Why Relocation Is Needed
Problem: Object file addresses start at 0
═══════════════════════════════════════════════════════════════
main.o: utils.o:
┌─────────────────────┐ ┌─────────────────────┐
│ .text starts at 0 │ │ .text starts at 0 │
│ │ │ │
│ main: 0x0000 │ │ helper: 0x0000 │
│ call helper ← ??? │───────→│ ... │
│ ... 0x0005 │ │ ret 0x0020 │
└─────────────────────┘ └─────────────────────┘
After Linking (final executable):
┌─────────────────────────────────────────────────────┐
│ .text section │
│ │
│ main: 0x401000 │
│ call 0x401050 ← Fixed! (helper's final address) │
│ ... 0x401005 │
│ │
│ helper: 0x401050 ← Placed after main │
│ ... │
│ ret 0x401070 │
└─────────────────────────────────────────────────────┘
Relocation Entry Structure
// ELF relocation entry (with addend)
typedef struct {
Elf64_Addr r_offset; // Location to patch (offset in section)

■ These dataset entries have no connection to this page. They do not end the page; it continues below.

lemma sum_mult_cov_le_sqrt:
  fixes f :: "'x::finite \<times> 'y::finite \<Rightarrow> nat"
  assumes feas: "srec_feasible f 1 \<mu> \<epsilon> \<delta> w" and mu_nn: "\<forall>p. 0 \<le> \<mu> p" and f01: "\<forall>p. f p \<in> {0, 1}"
    and delta: "0 < \<delta>" "\<delta> < 1" and sparse: "muz \<mu> f 1 S \<le> sqrt \<delta> * muz \<mu> f 0 S"
  shows "(\<Sum>p\<in>S. \<mu> p * cov w p) \<le> 2 * sqrt \<delta> * msr \<mu> S"
proof -
  have "\<delta> * \<delta> \<le> \<delta>" using delta by (simp add: mult_left_le)
  then have "\<delta> \<le> sqrt \<delta>" by (simp add: real_le_rsqrt power2_eq_square)
  then have "\<delta> * muz \<mu> f 0 S \<le> sqrt \<delta> * muz \<mu> f 0 S" by (rule mult_right_mono) (rule muz_nonneg[OF mu_nn])
  moreover have "muz \<mu> f 0 S \<le> msr \<mu> S"
    using msr_eq_muz_add[OF f01] muz_nonneg[OF mu_nn] by (metis le_add_same_cancel2)
  then have "sqrt \<delta> * muz \<mu> f 0 S \<le> sqrt \<delta> * msr \<mu> S" by (rule mult_left_mono) (use delta in simp)
  ultimately show ?thesis using sum_mult_cov_le_muz[OF feas mu_nn f01, of S] sparse by linarith
qed

lemma srec_feasible_restr_weights_on:
  fixes f :: "'x::finite \<times> 'y::finite \<Rightarrow> nat" and w :: "'x set \<times> 'y set \<Rightarrow> real"
  assumes feas: "srec_feasible f 1 \<mu> \<epsilon> \<delta> w" and mu_nn: "\<forall>p. 0 \<le> \<mu> p"
    and ones: "muz \<mu> f 1 S > 0"
    and loss: "(\<Sum>R\<in>UNIV. weights_on (\<lambda>R. \<not> K R) w R * msr \<mu> (rect R \<inter> S)) \<le> c * muz \<mu> f 1 S"
  shows "srec_feasible f 1 (restr \<mu> S) (eps_blk f \<mu> w S + c) \<delta> (weights_on K w)"
proof -
  have wnn: "\<forall>R. 0 \<le> w R" using feas unfolding srec_feasible_def by blast
  have le: "cov (weights_on K w) p \<le> cov w p" for p by (rule cov_weights_on_le[OF wnn])
  let ?S1 = "f -` {1} \<inter> S"
  have "(\<Sum>p\<in>?S1. \<mu> p * cov (weights_on (\<lambda>R. \<not> K R) w) p)
      = (\<Sum>R\<in>UNIV. weights_on (\<lambda>R. \<not> K R) w R * msr \<mu> (rect R \<inter> ?S1))"
    by (rule sum_mult_cov_eq)
  also have "\<dots> \<le> (\<Sum>R\<in>UNIV. weights_on (\<lambda>R. \<not> K R) w R * msr \<mu> (rect R \<inter> S))"
    using weights_on_nonneg[OF wnn] by (intro sum_mono mult_left_mono msr_mono[OF mu_nn]) auto
  finally have "(\<Sum>p\<in>?S1. \<mu> p * cov (weights_on (\<lambda>R. \<not> K R) w) p) \<le> c * muz \<mu> f 1 S"
    using loss by linarith
  moreover have "(\<Sum>p\<in>?S1. \<mu> p * cov (weights_on K w) p)
      + (\<Sum>p\<in>?S1. \<mu> p * cov (weights_on (\<lambda>R. \<not> K R) w) p) = (\<Sum>p\<in>?S1. \<mu> p * cov w p)"
    by (simp add: sum.distrib[symmetric] distrib_left[symmetric] cov_weights_on_add)
  moreover have "(\<Sum>p\<in>f -` {1}. restr \<mu> S p * cov (weights_on K w) p) = (\<Sum>p\<in>?S1. \<mu> p * cov (weights_on K w) p)"
    unfolding restr_def by (simp add: sum.inter_restrict) (rule sum.cong; simp)
  moreover have "(1 - (eps_blk f \<mu> w S + c)) * muz (restr \<mu> S) f 1 UNIV
      = (\<Sum>p\<in>?S1. \<mu> p * cov w p) - c * muz \<mu> f 1 S"
    unfolding muz_restr eps_blk_def using ones by (simp add: field_simps)
  ultimately have "(1 - (eps_blk f \<mu> w S + c)) * muz (restr \<mu> S) f 1 UNIV
      \<le> (\<Sum>p\<in>f -` {1}. restr \<mu> S p * cov (weights_on K w) p)"
    by linarith
  then show ?thesis
    using feas weights_on_nonneg[OF wnn] le order_trans unfolding srec_feasible_def by blast
qed

lemma le_arith_mean_if_mult_eq:
  fixes a b g h u :: real
  assumes "0 \<le> a" "a \<le> b" "a * b = g * h" "0 \<le> g" "0 \<le> h" "0 < u"
  shows "a \<le> (g / u + u * h) / 2"
proof -
  have "a * a \<le> a * b" using assms(1,2) by (simp add: mult_left_mono)
  then have "a \<le> sqrt ((g / u) * (u * h))" using assms(3,6) by (simp add: real_le_rsqrt power2_eq_square)
  also have "\<dots> \<le> (g / u + u * h) / 2" using assms(4-6) by (intro arith_geo_mean_sqrt) auto
  finally show ?thesis .
qed

lemma sum_weights_on_mult_le:
  fixes w a b g h :: "'r::finite \<Rightarrow> real"
  assumes wnn: "\<forall>R. 0 \<le> w R" and "\<forall>R. 0 \<le> a R" and gnn: "\<forall>R. 0 \<le> g R" and hnn: "\<forall>R. 0 \<le> h R"
    and "\<forall>R. P R \<longrightarrow> a R \<le> b R" and "\<forall>R. a R * b R = g R * h R" and u: "0 < u"
    and G: "(\<Sum>R\<in>UNIV. w R * g R) \<le> 2 * u\<^sup>2" and H: "(\<Sum>R\<in>UNIV. w R * h R) \<le> 1"
  shows "(\<Sum>R\<in>UNIV. weights_on P w R * a R) \<le> 3/2 * u"
proof -
  have "weights_on P w R * a R \<le> w R * g R / (2 * u) + u / 2 * (w R * h R)" for R
  proof (cases "P R")
    case True
    then have "a R \<le> (g R / u + u * h R) / 2" using le_arith_mean_if_mult_eq assms by blast
    then have "w R * a R \<le> w R * ((g R / u + u * h R) / 2)" by (rule mult_left_mono) (use wnn in auto)
    then show ?thesis using True u by (simp add: weights_on_def field_simps)
  qed (use wnn gnn hnn u in \<open>simp add: weights_on_def\<close>)
  then have "(\<Sum>R\<in>UNIV. weights_on P w R * a R)
      \<le> (\<Sum>R\<in>UNIV. w R * g R) / (2 * u) + u / 2 * (\<Sum>R\<in>UNIV. w R * h R)"
    by (simp add: sum_mono sum.distrib[symmetric] sum_divide_distrib sum_distrib_left)
  also have "\<dots> \<le> 2 * u\<^sup>2 / (2 * u) + u / 2"
    using G H u by (intro add_mono divide_right_mono) (auto simp: mult_left_le)
  also have "\<dots> = 3/2 * u" using u by (simp add: power2_eq_square)
  finally show ?thesis .
qed

text \<open>Here a, b are the masses of a rectangle on the two off-diagonal blocks and g, h those on the
  diagonal blocks, with block masses A, B, G, H.\<close>

lemma exists_light_weights_on_small_loss:
  fixes w a b g h :: "'r::finite \<Rightarrow> real"
  assumes wnn: "\<forall>R. 0 \<le> w R" and nn: "\<forall>R. 0 \<le> a R \<and> 0 \<le> b R \<and> 0 \<le> g R \<and> 0 \<le> h R"
    and pos: "0 < A" "0 < B" "0 < G" "0 < H" and u: "0 < u"
    and cross: "\<forall>R. a R * b R = g R * h R" "A * B = G * H"
    and G: "(\<Sum>R\<in>UNIV. w R * g R) \<le> 2 * u\<^sup>2 * G" and H: "(\<Sum>R\<in>UNIV. w R * h R) \<le> H"
  obtains K where "2 * (\<Sum>R\<in>UNIV. weights_on K w R) \<le> (\<Sum>R\<in>UNIV. w R)"
      "(\<Sum>R\<in>UNIV. weights_on (\<lambda>R. \<not> K R) w R * a R) \<le> 3/2 * u * A"
  | K where "2 * (\<Sum>R\<in>UNIV. weights_on K w R) \<le> (\<Sum>R\<in>UNIV. w R)"
      "(\<Sum>R\<in>UNIV. weights_on (\<lambda>R. \<not> K R) w R * b R) \<le> 3/2 * u * B"
proof -
  have div: "(\<Sum>R\<in>UNIV. v R * (c R / C)) = (\<Sum>R\<in>UNIV. v R * c R) / C" for v c :: "'r \<Rightarrow> real" and C
    by (simp add: sum_divide_distrib)
  have cross': "\<forall>R. (a R / A) * (b R / B) = (g R / G) * (h R / H)"
    using cross pos by (simp add: field_simps)
  have G': "(\<Sum>R\<in>UNIV. w R * (g R / G)) \<le> 2 * u\<^sup>2"
    unfolding div using G pos by (simp add: pos_divide_le_eq)
  have H': "(\<Sum>R\<in>UNIV. w R * (h R / H)) \<le> 1"
    unfolding div using H pos by (simp add: pos_divide_le_eq)
  define K where "K R \<longleftrightarrow> b R / B < a R / A" for R
  have "(\<Sum>R\<in>UNIV. weights_on (\<lambda>R. \<not> K R) w R * (a R / A)) \<le> 3/2 * u"
    using nn pos cross' unfolding K_def
    by (intro sum_weights_on_mult_le[OF wnn _ _ _ _ _ u G' H', where b="\<lambda>R. b R / B"]) auto
  then have La: "(\<Sum>R\<in>UNIV. weights_on (\<lambda>R. \<not> K R) w R * a R) \<le> 3/2 * u * A"
    unfolding div using pos by (simp add: pos_divide_le_eq)
  have "(\<Sum>R\<in>UNIV. weights_on K w R * (b R / B)) \<le> 3/2 * u"
    using nn pos cross' unfolding K_def
    by (intro sum_weights_on_mult_le[OF wnn _ _ _ _ _ u G' H', where b="\<lambda>R. a R / A"]) (auto simp: mult.commute)
  then have Lb: "(\<Sum>R\<in>UNIV. weights_on (\<lambda>R. \<not> \<not> K R) w R * b R) \<le> 3/2 * u * B"
    unfolding div using pos by (simp add: pos_divide_le_eq)
  have total: "(\<Sum>R\<in>UNIV. weights_on K w R) + (\<Sum>R\<in>UNIV. weights_on (\<lambda>R. \<not> K R) w R) = (\<Sum>R\<in>UNIV. w R)"
    using sum_weights_on_add[where A=UNIV and c="\<lambda>_. 1"] by simp
  show ?thesis
  proof (cases "(\<Sum>R\<in>UNIV. weights_on K w R) \<le> (\<Sum>R\<in>UNIV. weights_on (\<lambda>R. \<not> K R) w R)")
    case True
    then show ?thesis using La total that(1)[of K] by linarith
  next
    case False
    then show ?thesis using Lb total that(2)[of "\<lambda>R. \<not> K R"] by linarith
  qed
qed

Elf64_Xword r_info; // Symbol index + relocation type
Elf64_Sxword r_addend; // Constant to add to symbol value
} Elf64_Rela;
// r_info encodes:
// - Symbol table index (which symbol to look up)
// - Relocation type (how to calculate the final value)
Common x86-64 Relocation Types
Relocation Types Explained
| Type | Calculation | Use Case |
R_X86_64_PC32 |
S + A - P |
PC-relative 32-bit (calls, branches) |
R_X86_64_PLT32 |
L + A - P |
PLT entry for dynamic function call |
R_X86_64_32 |
S + A |
Absolute 32-bit address |
R_X86_64_64 |
S + A |
Absolute 64-bit address |
R_X86_64_GOTPCREL |
G + GOT + A - P |
GOT entry for global data |
Legend: S = Symbol value, A = Addend, P = Place (relocation address), L = PLT entry, G = GOT entry offset
# View relocation entries
readelf -r hello.o
# Output:
# Relocation section '.rela.text' at offset 0x198 contains 2 entries:
# Offset Info Type Sym. Value Sym. Name + Addend
# 000000000007 000500000002 R_X86_64_PC32 0000000000000000 .rodata - 4
# 000000000014 000a00000004 R_X86_64_PLT32 0000000000000000 printf - 4
#
# Interpretation:
# - At offset 0x07 in .text: insert address of .rodata (string "Hello")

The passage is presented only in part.